I have NO doubt that you will soon attract the perfect life partner for you. I totally hear what you say about your fear of being deeply hurt again, but... let go of that fear once you're ready. Your self-awareness is a tribute to your willingness to not only overcome the "obstacles" you find along your path, but also to grow from them, thrive even. Soon that fear of being hurt again will waft away... and love will fly in.
Posted by: Chantal | Jun 10, 2009 at 09:30 AM
there really are people out there who will stand beside you, gently ease your fears of loss and allow you to be by your solitary self when needed. that soul will give you the gift of a daily tiny surprise when you wonder aloud, "you're still here?" your question and surpise will slowly transform into stability and trust, but you will never take it for granted. because you know.
out of the blue, he will find you and you will know.
Posted by: lisa | Jun 10, 2009 at 10:59 AM
Wow, this felt like you were talking about me. I've had some indicative dreams of late, so I think it's nearly time... doesn't stop me being scared though.
Posted by: Fiona | Jun 10, 2009 at 02:27 PM
What a gorgeous website! I just discovered it... Will be here often. :)
Posted by: Amy Williams | Jun 10, 2009 at 03:48 PM
heh - that's how i feel about meeting mySELF. i'm really good at meeting others, it's getting know me and what i need & want that scares the beejesus out of me.
Posted by: leonie | Jun 10, 2009 at 03:57 PM
I LOVE that feeling about a book. Usually, some undescribed number of pages into the read, you know... you just know... I am re-reading Crossing the Unknown Sea this week... and then on to the 3 Marriages... Aaah, and then to the first, marriage that is, a lifetime ago (it seems) I lost someone, not exactly like you, but with the same results, and 5 years in to my monastic life, I met the man I am with now, all the while saying , I won't do this again, I can't do this again. . . and yet, here I am. When it's time, I think, it's just time, and I usually go kicking and screaming, you, probably will go with a lot more grace than I...
Posted by: Liz | Jun 10, 2009 at 04:58 PM
At the risk of sounding somewhat cliched, feel the fear and do it anyway - you're strong enough to handle whatever comes your way. Maybe someone ought to write a book about it?
Posted by: Anthony | Jun 10, 2009 at 07:35 PM
this is pretty much exactly how i feel.
Posted by: Laura. | Jun 10, 2009 at 09:19 PM
Amen to Megg - you are fabulous and the man who will be your match will also be fabulous.

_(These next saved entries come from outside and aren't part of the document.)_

lemma det_graph_mat_minus:
  assumes A: "A \<in> carrier_mat m m" and B: "B \<in> carrier_mat m m"
  shows "det (graph_mat q m A - graph_mat q m B :: 'a mat) ^ 2 = (det (A - B) ^ Suc q) ^ 2"
proof -
  have sA: "mat_star q A \<in> carrier_mat m m" and sB: "mat_star q B \<in> carrier_mat m m"
    using A B by (simp_all add: mat_star_carrier)
  have AB: "A - B \<in> carrier_mat m m"
    using B by (rule minus_carrier_mat)
  have sAB: "mat_star q (A - B) \<in> carrier_mat m m"
    using AB by (rule mat_star_carrier)
  have X: "A * mat_star q A - B * mat_star q B \<in> carrier_mat m m"
    using B sB by (intro minus_carrier_mat mult_carrier_mat)
  have "graph_mat q m A - graph_mat q m B =
      four_block_mat (1\<^sub>m m - 1\<^sub>m m) (mat_star q A - mat_star q B) (A - B)
        (A * mat_star q A - B * mat_star q B)"
    unfolding graph_mat_def
    by (rule minus_four_block_mat) (use A B sA sB in \<open>auto intro: mult_carrier_mat\<close>)
  also have "\<dots> = four_block_mat (0\<^sub>m m m) (mat_star q (A - B)) (A - B)
        (A * mat_star q A - B * mat_star q B)"
    by (simp add: mat_star_minus[OF A B] minus_r_inv_mat[OF one_carrier_mat])
  finally have "det (graph_mat q m A - graph_mat q m B) ^ 2 = (det (mat_star q (A - B)) * det (A - B)) ^ 2"
    using det_four_block_mat_zero_upper_left[OF sAB AB X] by simp
  then show ?thesis
    by (simp add: det_mat_star[OF AB] mult.commute)
qed

lemma det_graph_mat_minus_infinity_mat:
  assumes A: "A \<in> carrier_mat m m"
  shows "det (graph_mat q m A - infinity_mat m :: 'a mat) = (- 1) ^ m"
proof -
  have sA: "mat_star q A \<in> carrier_mat m m"
    using A by (rule mat_star_carrier)
  have AsA: "A * mat_star q A \<in> carrier_mat m m"
    using A sA by (rule mult_carrier_mat)
  have "graph_mat q m A - infinity_mat m =
      four_block_mat (1\<^sub>m m - 0\<^sub>m m m) (mat_star q A - 0\<^sub>m m m) (A - 0\<^sub>m m m)
        (A * mat_star q A - 1\<^sub>m m)"
    unfolding graph_mat_def infinity_mat_def
    by (rule minus_four_block_mat) (use A sA AsA in auto)
  also have "\<dots> = four_block_mat (1\<^sub>m m) (mat_star q A) A (A * mat_star q A - 1\<^sub>m m)"
    using A sA by (simp add: minus_zero_mat)
  also have "det \<dots> = det (A * mat_star q A - 1\<^sub>m m - A * mat_star q A)"
    using sA A minus_carrier_mat[OF one_carrier_mat]
    by (intro det_four_block_mat_one_upper_left) simp_all
  also have "A * mat_star q A - 1\<^sub>m m - A * mat_star q A = - 1\<^sub>m m"
    using AsA by (rule minus_one_minus_self_mat)
  finally show ?thesis
    by (simp add: det_uminus_one_mat)
qed

lemma is_d_code_graph_mats:
  assumes Z: "Z \<subseteq> carrier_mat m m"
    and nonsingular: "\<forall>A\<in>Z. \<forall>B\<in>Z. A \<noteq> B \<longrightarrow> det (A - B) \<noteq> 0"
  shows "is_d_code (m + m) q (m + m) (graph_mat q m ` Z \<union> {infinity_mat m} :: 'a mat set)"
proof -
  let ?Y = "graph_mat q m ` Z \<union> {infinity_mat m} :: 'a mat set"
  have carrier: "?Y \<subseteq> carrier_mat (m + m) (m + m)"
    using Z by (auto simp: graph_mat_carrier infinity_mat_carrier)
  have "?Y \<subseteq> herm_X (m + m) q"
    using Z carrier by (auto simp: herm_X_def graph_mat_hermitian infinity_mat_hermitian)
  moreover have det_ne: "det (M - N) \<noteq> 0" if "M \<in> ?Y" "N \<in> ?Y" "M \<noteq> N" for M N
  proof -
    from that consider A B where "A \<in> Z" "B \<in> Z" "A \<noteq> B" "M = graph_mat q m A" "N = graph_mat q m B"
      | A where "A \<in> Z" "M = graph_mat q m A" "N = infinity_mat m"
      | A where "A \<in> Z" "M = infinity_mat m" "N = graph_mat q m A"
      by blast
    then show ?thesis
    proof cases
      case 1
      then have "det (A - B) \<noteq> 0"
        using nonsingular by blast
      moreover have "A \<in> carrier_mat m m" "B \<in> carrier_mat m m"
        using 1 Z by auto
      ultimately show ?thesis
        using 1 det_graph_mat_minus[of A m B] by auto
    next
      case 2
      then show ?thesis
        using det_graph_mat_minus_infinity_mat[of A m] Z by auto
    next
      case 3
      then have A: "A \<in> carrier_mat m m"
        using Z by blast
      have "M - N = - (N - M)"
        unfolding 3 by (rule minus_mat_eq_uminus_minus[OF infinity_mat_carrier graph_mat_carrier[OF A]])
      moreover have "N - M \<in> carrier_mat (m + m) (m + m)"
        unfolding 3 by (rule minus_carrier_mat[OF infinity_mat_carrier])
      moreover have "det (N - M) \<noteq> 0"
        using 3 det_graph_mat_minus_infinity_mat[OF A] by simp
      ultimately show ?thesis
        using det_0_negate by metis
    qed
  qed
  moreover have "vec_space.rank (m + m) (M - N) = m + m" if "M \<in> ?Y" "N \<in> ?Y" "M \<noteq> N" for M N
  proof -
    have "M - N \<in> carrier_mat (m + m) (m + m)"
      using carrier that(2) by (blast intro: minus_carrier_mat)
    then show ?thesis
      using det_ne[OF that] vec_space.det_rank_iff by blast
  qed
  ultimately show ?thesis
    unfolding is_d_code_def by auto
qed

end

theorem theorem4p3:
  fixes Z :: "'a::{finite,field} mat set" and q n :: nat
  assumes "prime_power q"
    and "card (UNIV :: 'a set) = q ^ 2"
    and "even n" and "0 < n"
    and "Z \<subseteq> carrier_mat (n div 2) (n div 2)"
    and "card Z = q ^ n"
    and "\<forall>A\<in>Z. \<forall>B\<in>Z. A \<noteq> B \<longrightarrow> det (A - B) \<noteq> 0"
  shows "let m = n div 2;
             Y = (\<lambda>A. four_block_mat (1\<^sub>m m) (mat_star q A) A (A * mat_star q A)) ` Z
                 \<union> {four_block_mat (0\<^sub>m m m) (0\<^sub>m m m) (0\<^sub>m m m) (1\<^sub>m m)}
         in is_d_code n q n Y \<and> card Y = q ^ n + 1"
proof -
  interpret frobenius_involution "TYPE('a)" q
    using assms(1,2) by (rule frobenius_involution_if_card_eq_square)
  define m where "m = n div 2"
  have n: "n = m + m" and "0 < m"
    using assms(3,4) by (auto simp: m_def)
  have "q \<noteq> 0"
    using assms(2) finite_UNIV_card_ge_0[where 'a = 'a] by auto
  then have "finite Z"
    using assms(6) by (intro card_ge_0_finite) simp
  have Y: "(\<lambda>A. four_block_mat (1\<^sub>m m) (mat_star q A) A (A * mat_star q A)) ` Z
      \<union> {four_block_mat (0\<^sub>m m m) (0\<^sub>m m m) (0\<^sub>m m m) (1\<^sub>m m)}
    = graph_mat q m ` Z \<union> {infinity_mat m}"
    by (simp add: graph_mat_def[abs_def] infinity_mat_def)
  show ?thesis
    unfolding Let_def m_def[symmetric] unfolding Y n
    using is_d_code_graph_mats[OF assms(5,7)[folded m_def]]
      card_graph_mats[OF \<open>finite Z\<close> assms(5)[folded m_def] \<open>0 < m\<close>] assms(6) n
    by simp
qed

end
lemma column_map_image_subcomodule: "IC_subcomodule sc V rho (g ` S_simple x)"
  unfolding IC_subcomodule_def
proof (intro conjI ballI allI)
  show "g ` S_simple x \<subseteq> V" using column_map_closed by blast
  show "0 \<in> g ` S_simple x" using column_map_zero S_simple_zero by force
next
  fix n n' assume "n \<in> g ` S_simple x" "n' \<in> g ` S_simple x"
  then obtain c c' where c: "c \<in> S_simple x" "c' \<in> S_simple x" and "n = g c" "n' = g c'"
    by blast
  then have "n + n' = g (c + c')" by (simp add: column_map_add)
  then show "n + n' \<in> g ` S_simple x" using S_simple_add[OF c] by (rule image_eqI)
next
  fix t n assume "n \<in> g ` S_simple x"
  then obtain c where c: "c \<in> S_simple x" and "n = g c" by blast
  then have "sc t n = g (ic_scale t c)" by (simp add: column_map_scale)
  then show "sc t n \<in> g ` S_simple x" using S_simple_scale[OF c] by (rule image_eqI)
next
  fix n p assume "n \<in> g ` S_simple x"
  then obtain c where c: "c \<in> S_simple x" and "n = g c" by blast
  then have "rho n p = g (ic_comul c p)" by (simp add: rho_column_map_eq)
  then show "rho n p \<in> g ` S_simple x" using S_simple_ic_comul[OF c] by (rule image_eqI)
qed

lemma column_map_image_nontrivial: "g ` S_simple x \<noteq> {0}"
proof -
  obtain c :: "'x \<times> 'x \<Rightarrow> 'k" where c: "c \<in> S_simple x" "c \<noteq> 0"
    using S_simple_nontrivial S_simple_zero by blast
  have "g c \<noteq> g 0"
    using c inj_on_column_map S_simple_zero unfolding inj_on_def by blast
  then have "g c \<noteq> 0" by (simp add: column_map_zero)
  then show ?thesis using c(1) by blast
qed

lemma column_map_iso_onto_image:
  "IC_comodule_iso ic_scale (S_simple x) ic_comul sc (g ` S_simple x) rho g"
  unfolding IC_comodule_iso_def
  using inj_on_column_map column_map_add column_map_scale rho_column_map_eq
  by (simp add: bij_betw_def)

end

end

theorem mainTheorem5:
  fixes sc :: "'k::field \<Rightarrow> 'm::ab_group_add \<Rightarrow> 'm"
    and V :: "'m set"
    and rho :: "'m \<Rightarrow> ('x::preorder \<times> 'x \<Rightarrow> 'm)"
  assumes locfin: "\<forall>x y::'x. finite {z. x \<le> z \<and> z \<le> y}"
    and simple: "IC_simple_comodule sc V rho"
  shows "\<exists>x::'x. \<exists>f. IC_comodule_iso sc V rho ic_scale (S_simple x) ic_comul f"
proof -
  interpret ic_comodule sc V rho
    using simple by unfold_locales (simp add: IC_simple_comodule_def)
  obtain m d where m: "m \<in> V" "rho m (d,d) \<noteq> 0"
    using simple exists_nonzero_diagonal unfolding IC_simple_comodule_def by blast
  obtain x where x: "rho m (x,d) \<noteq> 0" "\<And>c. rho m (c,d) \<noteq> 0 \<Longrightarrow> c \<le> x \<Longrightarrow> x \<le> c"
    using exists_minimal_in_column[OF m] by blast
  note col = m(1) x finite_sim_class[OF locfin]
  let ?g = "column_map sc rho m d x"
  have "?g ` S_simple x = V"
    using simple column_map_image_subcomodule[OF col] column_map_image_nontrivial[OF col]
    unfolding IC_simple_comodule_def by blast
  then have "IC_comodule_iso ic_scale (S_simple x) ic_comul sc V rho ?g"
    using column_map_iso_onto_image[OF col] by simp
  then have "IC_comodule_iso sc V rho ic_scale (S_simple x) ic_comul (the_inv_into (S_simple x) ?g)"
    by (rule IC_comodule_iso_inverse) (auto intro: S_simple_add S_simple_scale S_simple_ic_comul)
  then show ?thesis by blast
qed

end
(* Let $a<b$ be real numbers and let $n\ge 1$. There are infinitely many pairwise nonisomorphic nontrivial topological quandle structures on the closed interval $[a,b]$, and there are infinitely many pairwise nonisomorphic nontrivial topological quandle structures on the open unit ball $B^{\circ}=\{x\in\mathbb{R}^n:\|x\|<1\}$.
   Context: A topological quandle is a topological space $X$ with a continuous map $f:X\times X\to X$ such that for every $y\in X$ the map $R_y:X\to X$, $x\mapsto f(x,y)$, is a homeomorphism, $f(f(x,y),z)=f(f(x,z),f(y,z))$ for all $x,y,z\in X$, and $f(x,x)=x$ for all $x\in X$. The structure is trivial if $f(x,y)=x$ for all $x,y$, and nontrivial otherwise. Two topological quandle structures $f_1,f_2$ on spaces $X_1,X_2$ are isomorphic if there is a homeomorphism $\varphi:X_1\to X_2$ with $\varphi(f_1(x,y))=f_2(\varphi(x),\varphi(y))$ for all $x,y\in X_1$. *)

theory Defs
  imports "HOL-Analysis.Analysis"
begin

definition topological_quandle :: "'a::topological_space set \<Rightarrow> ('a \<Rightarrow> 'a \<Rightarrow> 'a) \<Rightarrow> bool" where
  "topological_quandle X f \<longleftrightarrow>
     (\<forall>x\<in>X. \<forall>y\<in>X. f x y \<in> X) \<and>
     continuous_on (X \<times> X) (\<lambda>(x, y). f x y) \<and>
     (\<forall>y\<in>X. \<exists>g. homeomorphism X X (\<lambda>x. f x y) g) \<and>
     (\<forall>x\<in>X. \<forall>y\<in>X. \<forall>z\<in>X. f (f x y) z = f (f x z) (f y z)) \<and>
     (\<forall>x\<in>X. f x x = x)"

definition nontrivial_quandle :: "'a set \<Rightarrow> ('a \<Rightarrow> 'a \<Rightarrow> 'a) \<Rightarrow> bool" where
  "nontrivial_quandle X f \<longleftrightarrow> (\<exists>x\<in>X. \<exists>y\<in>X. f x y \<noteq> x)"

definition quandle_isomorphic ::
  "'a::topological_space set \<Rightarrow> ('a \<Rightarrow> 'a \<Rightarrow> 'a) \<Rightarrow> 'b::topological_space set \<Rightarrow> ('b \<Rightarrow> 'b \<Rightarrow> 'b) \<Rightarrow> bool" where
  "quandle_isomorphic X1 f1 X2 f2 \<longleftrightarrow>
     (\<exists>\<phi> \<psi>. homeomorphism X1 X2 \<phi> \<psi> \<and>
        (\<forall>x\<in>X1. \<forall>y\<in>X1. \<phi> (f1 x y) = f2 (\<phi> x) (\<phi> y)))"

end

theory Submission
  imports Defs "HOL-Library.Function_Algebras"
begin

(*
  If an abelian group G acts continuously on X by a flow \<Phi>, and \<tau> : X \<rightarrow> G is a "time"
  function that is constant along orbits, satisfies \<Phi> (\<tau> x) x = x and makes
  (x, y) \<mapsto> \<Phi> (\<tau> y) x continuous, then x \<triangleleft> y = \<Phi> (\<tau> y) x is a topological quandle:
  right distributivity is commutativity of the flow together with the invariance of \<tau>.

  On the line, let the i-th coordinate of a time vector in \<real>^k drive the logistic flow on the
  interval (2i, 2i+1), and let the time of y be a tent function of y supported on
  (2i+1, 2i+2). The set of y whose translation moves a given x is then empty or one of these
  k control intervals, so the quandle has exactly k + 1 such moving sets. Their number is an
  isomorphism invariant, and a nonempty one witnesses nontriviality. Restricting to [0, 2k]
  and transporting to [a, b], or acting on one coordinate of \<real>^n and transporting to the
  open ball, which is homeomorphic to \<real>^n, gives the two infinite families.
*)

section \<open>Moving sets\<close>

definition moving_set :: "'a set \<Rightarrow> ('a \<Rightarrow> 'a \<Rightarrow> 'a) \<Rightarrow> 'a \<Rightarrow> 'a set" where
  "moving_set X f x = {y \<in> X. f x y \<noteq> x}"

definition moving_sets :: "'a set \<Rightarrow> ('a \<Rightarrow> 'a \<Rightarrow> 'a) \<Rightarrow> 'a set set" where
  "moving_sets X f = moving_set X f ` X"

lemma moving_set_homomorphism:
  assumes inj: "inj_on \<phi> X1" and closed: "\<forall>x\<in>X1. \<forall>y\<in>X1. f1 x y \<in> X1"
    and hom: "\<forall>x\<in>X1. \<forall>y\<in>X1. \<phi> (f1 x y) = f2 (\<phi> x) (\<phi> y)" and "x \<in> X1"
  shows "moving_set (\<phi> ` X1) f2 (\<phi> x) = \<phi> ` moving_set X1 f1 x"
proof -
  have "f2 (\<phi> x) (\<phi> y) \<noteq> \<phi> x \<longleftrightarrow> f1 x y \<noteq> x" if "y \<in> X1" for y
    using that \<open>x \<in> X1\<close> hom closed inj_on_eq_iff[OF inj] by metis
  then show ?thesis unfolding moving_set_def by auto
qed

lemma card_moving_sets_isomorphic:
  assumes "quandle_isomorphic X1 f1 X2 f2" and closed: "\<forall>x\<in>X1. \<forall>y\<in>X1. f1 x y \<in> X1"
  shows "card (moving_sets X2 f2) = card (moving_sets X1 f1)"
proof -
  obtain \<phi> \<psi> where h: "homeomorphism X1 X2 \<phi> \<psi>"
    and hom: "\<forall>x\<in>X1. \<forall>y\<in>X1. \<phi> (f1 x y) = f2 (\<phi> x) (\<phi> y)"
    using assms(1) unfolding quandle_isomorphic_def by blast
  have X2: "X2 = \<phi> ` X1" and inj: "inj_on \<phi> X1"
    using h unfolding homeomorphism_def by (auto intro: inj_on_inverseI)
  have "moving_sets X2 f2 = image \<phi> ` moving_sets X1 f1"
    unfolding moving_sets_def X2 image_image
    using moving_set_homomorphism[OF inj closed hom] by (intro image_cong) auto
  moreover have "inj_on (image \<phi>) (moving_sets X1 f1)"
    by (rule inj_on_subset[OF inj_on_image_Pow[OF inj]]) (auto simp: moving_sets_def moving_set_def)
  ultimately show ?thesis by (simp add: card_image)
qed

lemma nontrivial_quandle_if_card_moving_sets:
  assumes "2 \<le> card (moving_sets X f)"
  shows "nontrivial_quandle X f"
proof (rule ccontr)
  assume "\<not> nontrivial_quandle X f"
  then have "moving_set X f x = {}" if "x \<in> X" for x
    using that unfolding nontrivial_quandle_def moving_set_def by blast
  then have "moving_sets X f \<subseteq> {{}}"
    unfolding moving_sets_def by blast
  then have "card (moving_sets X f) \<le> 1"
    using card_mono[of "{{}}" "moving_sets X f"] by simp
  with assms show False by simp
qed

lemma topological_quandle_transport:
  assumes h: "homeomorphism X Y \<phi> \<psi>" and q: "topological_quandle X f"
  shows "topological_quandle Y (\<lambda>x y. \<phi> (f (\<psi> x) (\<psi> y)))"
    and "quandle_isomorphic X f Y (\<lambda>x y. \<phi> (f (\<psi> x) (\<psi> y)))"
proof -
  have closed: "\<And>x y. x \<in> X \<Longrightarrow> y \<in> X \<Longrightarrow> f x y \<in> X"
    and cont: "continuous_on (X \<times> X) (\<lambda>(x, y). f x y)"
    and transl: "\<And>y. y \<in> X \<Longrightarrow> \<exists>g. homeomorphism X X (\<lambda>x. f x y) g"
    and distrib: "\<And>x y z. x \<in> X \<Longrightarrow> y \<in> X \<Longrightarrow> z \<in> X \<Longrightarrow> f (f x y) z = f (f x z) (f y z)"
    and idem: "\<And>x. x \<in> X \<Longrightarrow> f x x = x"
    using q unfolding topological_quandle_def by blast+
  have \<psi>: "\<And>y. y \<in> Y \<Longrightarrow> \<psi> y \<in> X" and \<phi>: "\<And>x. x \<in> X \<Longrightarrow> \<phi> x \<in> Y"
    and \<psi>\<phi>: "\<And>x. x \<in> X \<Longrightarrow> \<psi> (\<phi> x) = x" and \<phi>\<psi>: "\<And>y. y \<in> Y \<Longrightarrow> \<phi> (\<psi> y) = y"
    and cont_\<phi>: "continuous_on X \<phi>" and cont_\<psi>: "continuous_on Y \<psi>"
    using h unfolding homeomorphism_def by auto
  show "topological_quandle Y (\<lambda>x y. \<phi> (f (\<psi> x) (\<psi> y)))"
    unfolding topological_quandle_def
  proof (intro conjI ballI)
    have "continuous_on (Y \<times> Y) (\<lambda>p. (\<psi> (fst p), \<psi> (snd p)))"
      by (intro continuous_intros continuous_on_compose2[OF cont_\<psi>]) auto
    moreover have "(\<lambda>p. (\<psi> (fst p), \<psi> (snd p))) ` (Y \<times> Y) \<subseteq> X \<times> X"
      using \<psi> by auto
    ultimately have "continuous_on (Y \<times> Y) (\<lambda>p. f (\<psi> (fst p)) (\<psi> (snd p)))"
      using continuous_on_compose2[OF cont] by fastforce
    moreover have "(\<lambda>p. f (\<psi> (fst p)) (\<psi> (snd p))) ` (Y \<times> Y) \<subseteq> X"
      using \<psi> closed by auto
    ultimately show "continuous_on (Y \<times> Y) (\<lambda>(x, y). \<phi> (f (\<psi> x) (\<psi> y)))"
      using continuous_on_compose2[OF cont_\<phi>] by (simp add: case_prod_unfold)
  next
    fix y assume "y \<in> Y"
    then obtain g where "homeomorphism X X (\<lambda>x. f x (\<psi> y)) g" using transl \<psi> by blast
    then have "homeomorphism Y Y (\<phi> \<circ> ((\<lambda>x. f x (\<psi> y)) \<circ> \<psi>)) ((\<phi> \<circ> g) \<circ> \<psi>)"
      by (intro homeomorphism_compose[OF homeomorphism_compose[OF homeomorphism_symD[OF h]] h])
    then show "\<exists>g. homeomorphism Y Y (\<lambda>x. \<phi> (f (\<psi> x) (\<psi> y))) g" by (auto simp: o_def)
  next
    fix x y z assume "x \<in> Y" "y \<in> Y" "z \<in> Y"
    then show "\<phi> (f (\<psi> (\<phi> (f (\<psi> x) (\<psi> y)))) (\<psi> z)) =
        \<phi> (f (\<psi> (\<phi> (f (\<psi> x) (\<psi> z)))) (\<psi> (\<phi> (f (\<psi> y) (\<psi> z)))))"
      using distrib[of "\<psi> x" "\<psi> y" "\<psi> z"] by (simp add: \<psi> \<psi>\<phi> closed)
  qed (auto simp: \<psi> \<phi> \<phi>\<psi> closed idem)
  show "quandle_isomorphic X f Y (\<lambda>x y. \<phi> (f (\<psi> x) (\<psi> y)))"
    unfolding quandle_isomorphic_def using h \<psi>\<phi> by (intro exI[of _ \<phi>] exI[of _ \<psi>]) simp
qed

lemma homeomorphic_topological_quandle:
  assumes "X homeomorphic Y" and q: "topological_quandle X f"
  obtains g where "topological_quandle Y g" and "card (moving_sets Y g) = card (moving_sets X f)"
proof -
  obtain \<phi> \<psi> where h: "homeomorphism X Y \<phi> \<psi>"
    using assms(1) unfolding homeomorphic_def by blast
  have closed: "\<forall>x\<in>X. \<forall>y\<in>X. f x y \<in> X"
    using q unfolding topological_quandle_def by blast
  show ?thesis
    by (rule that[OF topological_quandle_transport(1)[OF h q]
          card_moving_sets_isomorphic[OF topological_quandle_transport(2)[OF h q] closed]])
qed

lemma nonisomorphic_topological_quandles:
  fixes X :: "'a::topological_space set"
  assumes "\<And>k. \<exists>f. topological_quandle X f \<and> card (moving_sets X f) = k + 2"
  shows "\<exists>F :: nat \<Rightarrow> 'a \<Rightarrow> 'a \<Rightarrow> 'a.
           (\<forall>i. topological_quandle X (F i) \<and> nontrivial_quandle X (F i)) \<and>
           (\<forall>i j. i \<noteq> j \<longrightarrow> \<not> quandle_isomorphic X (F i) X (F j))"
proof -
  obtain F where q: "\<And>k. topological_quandle X (F k)"
    and card: "\<And>k. card (moving_sets X (F k)) = k + 2"
    using assms by metis
  have "nontrivial_quandle X (F k)" for k
    by (intro nontrivial_quandle_if_card_moving_sets) (simp add: card)
  moreover have "\<not> quandle_isomorphic X (F i) X (F j)" if "i \<noteq> j" for i j
  proof
    assume "quandle_isomorphic X (F i) X (F j)"
    moreover have "\<forall>x\<in>X. \<forall>y\<in>X. F i x y \<in> X"
      using q[of i] unfolding topological_quandle_def by blast
    ultimately have "card (moving_sets X (F j)) = card (moving_sets X (F i))"
      by (rule card_moving_sets_isomorphic)
    with card \<open>i \<noteq> j\<close> show False by simp
  qed
  ultimately show ?thesis
    using q by blast
qed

The fear never goes away by itself - but we find the courage to love despite the fear and then we see that the worst that could happen is that we return to zero - which is what we all do in the rounds of life anyway. Sending you love. xxx
Posted by: Marianne | Jun 11, 2009 at 09:41 AM
Susannah, as always you articulate so beautifully your own experience, and in such a way that others feel you could be speaking for them too. This is a gift. And I feel it again today.
I wish you the courage to overcome, or to respond despite, the fear, and so to find who and what you seek because "... its time is nigh." And you deserve it. You deserve him.
Posted by: kendalee | Jun 11, 2009 at 09:27 PM
this book sounds So interesting. ; )
xo
Posted by: Christina | Jun 15, 2009 at 03:28 PM
I was listening to a David Whyte lecture on cd on the way to work -- He is so inspiring and was in our city recently and I missed his workshop!